“I don’t think there’s a darn thing the [Bush] administration can do” to rescue California from the inevitability of energy supply shortages and blackouts this summer, a White House energy official said last week.

“The White House is looking at all [of] the options they can do” to help alleviate supply shortages in the wholesale energy markets in California and the western region by summer, the official noted during a conference of the National Energy Marketers Association in Washington, D.C. last Tuesday. However, in the end, she believes California may be pretty much on its own.

The Bush administration “fully recognizes that California is not just a California-only problem,” the official said, but she doubted it would ever resort to price controls as a possible solution. “I can never say never” about price controls, but “I can’t imagine” a situation occurring in California this summer that would cause the White House to flip-flop on this issue, she told energy marketers and customers.

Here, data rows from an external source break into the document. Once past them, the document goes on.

(* Let $\lambda>0$. For every real $z>2$, $$\int_{-2}^{2}\frac{(4-x^2)^{\lambda-1/2}}{(z-x)^{\lambda}}\,dx \;=\; C_\lambda\,\big[G(z)\big]^{\lambda} \;=\; C_\lambda\left[\int_{-2}^{2}\frac{1}{z-x}\,\frac{\sqrt{4-x^2}}{2\pi}\,dx\right]^{\lambda} \;=\; C_\lambda\,\exp\left(-\lambda\int_{-2}^{2}\log(z-x)\,\frac{dx}{\pi\sqrt{4-x^2}}\right),$$ where $C_\lambda=\int_{-2}^{2}(4-x^2)^{\lambda-1/2}\,dx$.
   Context: $G$ denotes the Cauchy–Stieltjes transform of the standard Wigner (semicircle) law: $G(z)=\int_{-2}^2\frac{1}{z-x}\frac{\sqrt{4-x^2}}{2\pi}dx=\frac{z-\sqrt{z^2-4}}{2}$ for $z\in\mathbb{C}\setminus[-2,2]$ (branch with $G(z)\sim 1/z$ at infinity); for real $z>2$, $G(z)\in(0,1)$. Real powers and logarithms of positive reals are the usual real ones. *)

theory Defs
  imports "HOL-Analysis.Analysis"
begin

text \<open>Closed form of the Cauchy-Stieltjes transform of the semicircle law,
  for real z > 2 (branch with G(z) ~ 1/z at infinity).\<close>
definition G :: "real \<Rightarrow> real" where
  "G z = (z - sqrt (z^2 - 4)) / 2"

definition C :: "real \<Rightarrow> real" where
  "C lam = (LBINT x = -2..2. (4 - x^2) powr (lam - 1/2))"

end

theory Submission
  imports Defs
begin

(* Substitute x = -2 cos t, so that dx = 2 sin t dt, 4 - x^2 = (2 sin t)^2,
   and write z = g + 1/g with g = G z in (0, 1) (Joukowski map), so that
   z - x = (1 + 2 g cos t + g^2) / g.  All three integrals of the theorem then become
   integrals over [0, pi] of the kernel den g t = 1 + 2 g cos t + g^2:
     (1) the power integral is 2^(2 lam) g^lam Phi lam g, where
         Phi lam g = integral of sin^(2 lam) t / den g t ^ lam, and C lam = 2^(2 lam) Phi lam 0;
     (2) the Stieltjes transform is (2/pi) g Phi 1 g;
     (3) the logarithmic integral is -ln g + (1/pi) * integral of ln (den g t).
   The heart of the proof is that Phi lam g does not depend on g in [0, 1), and that the
   integral of ln (den g t) vanishes.  Both are shown by differentiating under the integral
   sign: the relevant g-derivatives are exact t-derivatives of functions vanishing at 0 and
   pi (for Phi via an auxiliary integral Psi and a first-order ODE in g).
   The file first develops the general calculus tools, then the kernel den and the two
   constancy results, then the substitution, and finally assembles the theorem. *)

lemma has_real_derivative_parametric_integral:
  fixes F F' :: "real \<Rightarrow> real \<Rightarrow> real"
  assumes U: "open U" "convex U" "g \<in> U"
    and deriv: "\<And>x t. x \<in> U \<Longrightarrow> t \<in> {a..b} \<Longrightarrow> ((\<lambda>x. F x t) has_real_derivative F' x t) (at x)"
    and int: "\<And>x. x \<in> U \<Longrightarrow> F x integrable_on {a..b}"
    and cont: "continuous_on (U \<times> {a..b}) (\<lambda>(x, t). F' x t)"
  shows "((\<lambda>x. integral {a..b} (F x)) has_real_derivative integral {a..b} (F' g)) (at g)"
proof -
  have "((\<lambda>x. integral (cbox a b) (F x)) has_field_derivative integral (cbox a b) (F' g)) (at g within U)"
  proof (rule leibniz_rule_field_derivative)
    show "((\<lambda>x. F x t) has_field_derivative F' x t) (at x within U)" if "x \<in> U" "t \<in> cbox a b" for x t
      using deriv[of x t] that by (simp add: has_field_derivative_at_within)
  qed (use int cont U in simp_all)
  then show ?thesis by (simp only: at_within_open[OF U(3) U(1)] cbox_interval)
qed

lemma integral_zero_by_antiderivative:
  fixes Q h :: "real \<Rightarrow> real"
  assumes "a \<le> b" "continuous_on {a..b} Q" "Q a = Q b"
    and "\<And>t. a < t \<Longrightarrow> t < b \<Longrightarrow> (Q has_real_derivative h t) (at t)"
  shows "integral {a..b} h = 0"
proof -
  have "(h has_integral (Q b - Q a)) {a..b}"
    using assms by (intro fundamental_theorem_of_calculus_interior)
      (auto simp: has_real_derivative_iff_has_vector_derivative[symmetric])
  with assms(3) show ?thesis by (simp add: integral_unique)
qed
(* Let $\mathfrak{H}$ be a fat indecomposable Hoffman graph with $\lambda_{\min}(\mathfrak{H})\ge-1-\tau$, where $\tau=\frac{1+\sqrt5}{2}$, and with at most two slim vertices. Then $\mathfrak{H}$ is isomorphic to one of $\mathfrak{H}_{\rm I}$, $\mathfrak{H}_{\rm II}$, $\mathfrak{H}_{\rm III}$, $\mathfrak{H}_{\rm IV}$, $\mathfrak{H}_{\rm XVI}$, $\mathfrak{H}_{\rm XVII}$.
   Context: A Hoffman graph $\mathfrak{H}$ is a finite simple graph $H$ together with a labeling of each vertex as slim or fat, such that every fat vertex is adjacent to at least one slim vertex and the fat vertices are pairwise non-adjacent. $V^s(\mathfrak{H})$ denotes the set of slim vertices and $N^f_{\mathfrak{H}}(x)$ the set of fat neighbours of $x$. $\mathfrak{H}$ is fat if every slim vertex has a fat neighbour. Isomorphisms are graph isomorphisms preserving labels. An induced Hoffman subgraph is a Hoffman graph whose underlying graph is an induced subgraph with inherited labels. Writing the adjacency matrix of $H$ with fat vertices last as $\begin{pmatrix}A_s & C\\ C^T & O\end{pmatrix}$, set $B(\mathfrak{H})=A_s-CC^T$; $\lambda_{\min}(\mathfrak{H})$ is its smallest eigenvalue. A decomposition of $\mathfrak{H}$ is a family $\{\mathfrak{H}^i\}_{i=1}^n$ of induced Hoffman subgraphs such that: (i) $V(\mathfrak{H})=\bigcup_i V(\mathfrak{H}^i)$; (ii) slim vertex sets of distinct members are disjoint; (iii) if $x\in V^s(\mathfrak{H}^i)$ and $y$ is a fat neighbour of $x$ in $\mathfrak{H}$, then $y\in V(\mathfrak{H}^i)$; (iv) if $x\in V^s(\mathfrak{H}^i)$, $y\in V^s(\mathfrak{H}^j)$, $i\neq j$, then $|N^f_{\mathfrak{H}}(x)\cap N^f_{\mathfrak{H}}(y)|\le 1$, with equality iff $x,y$ are adjacent. $\mathfrak{H}$ is indecomposable if it has no decomposition with $n\ge 2$. Named Hoffman graphs (slim vertices $v_i$, fat vertices $f_j$): $\mathfrak{H}_{\rm I}$: slim $v_1$, fat $f_1$, edge $v_1f_1$. $\mathfrak{H}_{\rm II}$: slim $v_1$, fat $f_1,f_2$, edges $v_1f_1,v_1f_2$. $\mathfrak{H}_{\rm III}$: slim $v_1,v_2$, fat $f_1$, edges $v_1f_1,v_2f_1$. $\mathfrak{H}_{\rm IV}$: slim $v_1,v_2$, fat $f_1,f_2$, edges $v_1v_2,v_1f_1,v_2f_2$. $\mathfrak{H}_{\rm XVI}$: slim $v_1,v_2$, fat $f_1,f_2,f_3$, edges $v_1v_2,v_1f_1,v_1f_2,v_2f_3$. $\mathfrak{H}_{\rm XVII}$: slim $v_1,v_2$, fat $f_1,f_2$, edges $v_1f_1,v_1f_2,v_2f_2$. *)

theory Defs
  imports Complex_Main
begin

record 'a hgraph =
  verts :: "'a set"
  adj :: "'a \<Rightarrow> 'a \<Rightarrow> bool"
  fatv :: "'a set"

definition slimv :: "('a, 'b) hgraph_scheme \<Rightarrow> 'a set" where
  "slimv H = verts H - fatv H"

definition fat_nbrs :: "('a, 'b) hgraph_scheme \<Rightarrow> 'a \<Rightarrow> 'a set" where
  "fat_nbrs H x = {f \<in> fatv H. adj H x f}"

definition hoffman_graph :: "('a, 'b) hgraph_scheme \<Rightarrow> bool" where
  "hoffman_graph H \<longleftrightarrow>
     finite (verts H) \<and> verts H \<noteq> {} \<and> fatv H \<subseteq> verts H \<and>
     (\<forall>x y. adj H x y \<longrightarrow> x \<in> verts H \<and> y \<in> verts H) \<and>
     (\<forall>x y. adj H x y \<longrightarrow> adj H y x) \<and>
     (\<forall>x. \<not> adj H x x) \<and>
     (\<forall>f\<in>fatv H. \<exists>x\<in>slimv H. adj H f x) \<and>
     (\<forall>f\<in>fatv H. \<forall>g\<in>fatv H. \<not> adj H f g)"

definition fat_hoffman :: "('a, 'b) hgraph_scheme \<Rightarrow> bool" where
  "fat_hoffman H \<longleftrightarrow> (\<forall>x\<in>slimv H. fat_nbrs H x \<noteq> {})"

definition induced :: "('a, 'b) hgraph_scheme \<Rightarrow> 'a set \<Rightarrow> 'a hgraph" where
  "induced H W = \<lparr>verts = W, adj = (\<lambda>x y. adj H x y \<and> x \<in> W \<and> y \<in> W),
                  fatv = fatv H \<inter> W\<rparr>"

text \<open>B(H) = A_s - C C^T, as a function on slim vertices.\<close>
definition Bmat :: "('a, 'b) hgraph_scheme \<Rightarrow> 'a \<Rightarrow> 'a \<Rightarrow> real" where
  "Bmat H x y = (if adj H x y then 1 else 0) - real (card (fat_nbrs H x \<inter> fat_nbrs H y))"

definition is_eigenvalue_B :: "('a, 'b) hgraph_scheme \<Rightarrow> real \<Rightarrow> bool" where
  "is_eigenvalue_B H \<mu> \<longleftrightarrow>
     (\<exists>v :: 'a \<Rightarrow> real. (\<exists>x\<in>slimv H. v x \<noteq> 0) \<and>
        (\<forall>x\<in>slimv H. (\<Sum>y\<in>slimv H. Bmat H x y * v y) = \<mu> * v x))"

definition lambda_min_ge :: "('a, 'b) hgraph_scheme \<Rightarrow> real \<Rightarrow> bool" where
  "lambda_min_ge H c \<longleftrightarrow> (\<forall>\<mu>. is_eigenvalue_B H \<mu> \<longrightarrow> c \<le> \<mu>)"

definition decomposition :: "('a, 'b) hgraph_scheme \<Rightarrow> 'a set list \<Rightarrow> bool" where
  "decomposition H Ws \<longleftrightarrow>
     (\<forall>W\<in>set Ws. W \<subseteq> verts H \<and> hoffman_graph (induced H W)) \<and>
     (\<Union>(set Ws)) = verts H \<and>
     (\<forall>i<length Ws. \<forall>j<length Ws. i \<noteq> j \<longrightarrow>
         slimv (induced H (Ws!i)) \<inter> slimv (induced H (Ws!j)) = {}) \<and>
     (\<forall>i<length Ws. \<forall>x\<in>slimv (induced H (Ws!i)). fat_nbrs H x \<subseteq> Ws!i) \<and>
     (\<forall>i<length Ws. \<forall>j<length Ws. i \<noteq> j \<longrightarrow>
        (\<forall>x\<in>slimv (induced H (Ws!i)). \<forall>y\<in>slimv (induced H (Ws!j)).
           card (fat_nbrs H x \<inter> fat_nbrs H y) \<le> 1 \<and>
           (card (fat_nbrs H x \<inter> fat_nbrs H y) = 1 \<longleftrightarrow> adj H x y)))"

definition indecomposable :: "('a, 'b) hgraph_scheme \<Rightarrow> bool" where
  "indecomposable H \<longleftrightarrow> \<not> (\<exists>Ws. length Ws \<ge> 2 \<and> decomposition H Ws)"

definition hiso :: "('a, 'b) hgraph_scheme \<Rightarrow> ('c, 'd) hgraph_scheme \<Rightarrow> bool" where
  "hiso H K \<longleftrightarrow> (\<exists>\<phi>. bij_betw \<phi> (verts H) (verts K) \<and>
     (\<forall>x\<in>verts H. \<forall>y\<in>verts H. adj H x y \<longleftrightarrow> adj K (\<phi> x) (\<phi> y)) \<and>
     (\<forall>x\<in>verts H. x \<in> fatv H \<longleftrightarrow> \<phi> x \<in> fatv K))"

datatype hv = SV nat | FV nat

definition mk_hg :: "hv set \<Rightarrow> (hv \<times> hv) list \<Rightarrow> hv hgraph" where
  "mk_hg V es = \<lparr>verts = V, adj = (\<lambda>x y. (x, y) \<in> set es \<or> (y, x) \<in> set es),
                 fatv = {v \<in> V. \<exists>n. v = FV n}\<rparr>"

definition H_I :: "hv hgraph" where
  "H_I = mk_hg {SV 1, FV 1} [(SV 1, FV 1)]"
definition H_II :: "hv hgraph" where
  "H_II = mk_hg {SV 1, FV 1, FV 2} [(SV 1, FV 1), (SV 1, FV 2)]"
definition H_III :: "hv hgraph" where
  "H_III = mk_hg {SV 1, SV 2, FV 1} [(SV 1, FV 1), (SV 2, FV 1)]"
definition H_IV :: "hv hgraph" where
  "H_IV = mk_hg {SV 1, SV 2, FV 1, FV 2} [(SV 1, SV 2), (SV 1, FV 1), (SV 2, FV 2)]"
definition H_XVI :: "hv hgraph" where
  "H_XVI = mk_hg {SV 1, SV 2, FV 1, FV 2, FV 3}
     [(SV 1, SV 2), (SV 1, FV 1), (SV 1, FV 2), (SV 2, FV 3)]"
definition H_XVII :: "hv hgraph" where
  "H_XVII = mk_hg {SV 1, SV 2, FV 1, FV 2} [(SV 1, FV 1), (SV 1, FV 2), (SV 2, FV 2)]"

end

theory Submission
  imports Defs
begin

(*
  Since tau < 2, the bound forces every eigenvalue of B(H) to exceed -3.
  (1) With one slim vertex x, B(H) = (-|N^f(x)|), so x has one or two fat
      neighbours: H is H_I or H_II.
  (2) With two slim vertices x, y, the pair is "compatible" (condition (iv) of
      a decomposition) exactly when the off-diagonal entry B_xy vanishes; in
      that case the two stars {x} + N^f(x), {y} + N^f(y) decompose H.  So
      indecomposability gives B_xy <> 0, hence B_xy^2 >= 1, and the smaller
      eigenvalue of the 2x2 matrix B(H) is at most (B_xx + B_yy)/2 - 1.  This
      yields |N^f(x)| + |N^f(y)| <= 3; the four remaining configurations are
      H_III, H_IV, H_XVI and H_XVII.
*)

lemma hoffman_adj_sym: "hoffman_graph H \<Longrightarrow> adj H x y \<Longrightarrow> adj H y x"
  unfolding hoffman_graph_def by blast

lemma hoffman_adj_irrefl: "hoffman_graph H \<Longrightarrow> \<not> adj H x x"
  unfolding hoffman_graph_def by blast

lemma hoffman_fat_not_adj:
  "hoffman_graph H \<Longrightarrow> f \<in> fatv H \<Longrightarrow> g \<in> fatv H \<Longrightarrow> \<not> adj H f g"
  unfolding hoffman_graph_def by blast

lemma fat_nbrs_subset_fatv: "fat_nbrs H x \<subseteq> fatv H"
  unfolding fat_nbrs_def by blast

lemma adj_fat_iff: "f \<in> fatv H \<Longrightarrow> adj H x f \<longleftrightarrow> f \<in> fat_nbrs H x"
  unfolding fat_nbrs_def by blast

lemma adj_fat_iff':
  "hoffman_graph H \<Longrightarrow> f \<in> fatv H \<Longrightarrow> adj H f x \<longleftrightarrow> f \<in> fat_nbrs H x"
  using adj_fat_iff[of f H x] hoffman_adj_sym[of H x f] hoffman_adj_sym[of H f x] by blast

lemma finite_verts: "hoffman_graph H \<Longrightarrow> finite (verts H)"
  by (simp add: hoffman_graph_def)

lemma fatv_subset_verts: "hoffman_graph H \<Longrightarrow> fatv H \<subseteq> verts H"
  by (simp add: hoffman_graph_def)

lemma finite_fatv: "hoffman_graph H \<Longrightarrow> finite (fatv H)"
  by (rule finite_subset[OF fatv_subset_verts finite_verts])

lemma finite_fat_nbrs: "hoffman_graph H \<Longrightarrow> finite (fat_nbrs H x)"
  by (rule finite_subset[OF fat_nbrs_subset_fatv finite_fatv])

lemma finite_slimv: "hoffman_graph H \<Longrightarrow> finite (slimv H)"
  unfolding slimv_def by (rule finite_Diff[OF finite_verts])

lemma slim_not_fat: "x \<in> slimv H \<Longrightarrow> x \<notin> fatv H"
  unfolding slimv_def by blast

lemma verts_slim_fat: "hoffman_graph H \<Longrightarrow> verts H = slimv H \<union> fatv H"
  unfolding slimv_def using fatv_subset_verts by blast

lemma fatv_eq_Union_fat_nbrs:
  assumes hg: "hoffman_graph H"
  shows "fatv H = (\<Union>x\<in>slimv H. fat_nbrs H x)"
proof
  show "fatv H \<subseteq> (\<Union>x\<in>slimv H. fat_nbrs H x)"
  proof
    fix f assume f: "f \<in> fatv H"
    then obtain x where "x \<in> slimv H" "adj H f x"
      using hg unfolding hoffman_graph_def by blast
    then show "f \<in> (\<Union>x\<in>slimv H. fat_nbrs H x)"
      using adj_fat_iff'[OF hg f] by blast
  qed
  show "(\<Union>x\<in>slimv H. fat_nbrs H x) \<subseteq> fatv H"
    by (auto simp: fat_nbrs_def)
qed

The White House energy task force, which is headed up by Vice President Dick Cheney, will release “sometime this spring” its much-anticipated report that will identify the nation’s energy problems and make recommendations on how to deal with them, she said. There is no date-certain for when it will be issued.

Meanwhile, the Cabinet-level task force has been inundated with more than 800 recommendations from the energy industry and the public — with some of them ranging from “the ridiculous to the sublime” — and has developed a background report, the official said. The 10-chapter background report devotes a “significant amount of time” to two issues — alternative fuels and energy efficiency. “We hope there will be some groundbreaking…..things” in the final document, she noted. She indicated the report will not include proposals on tax or other economic incentives for the energy industry.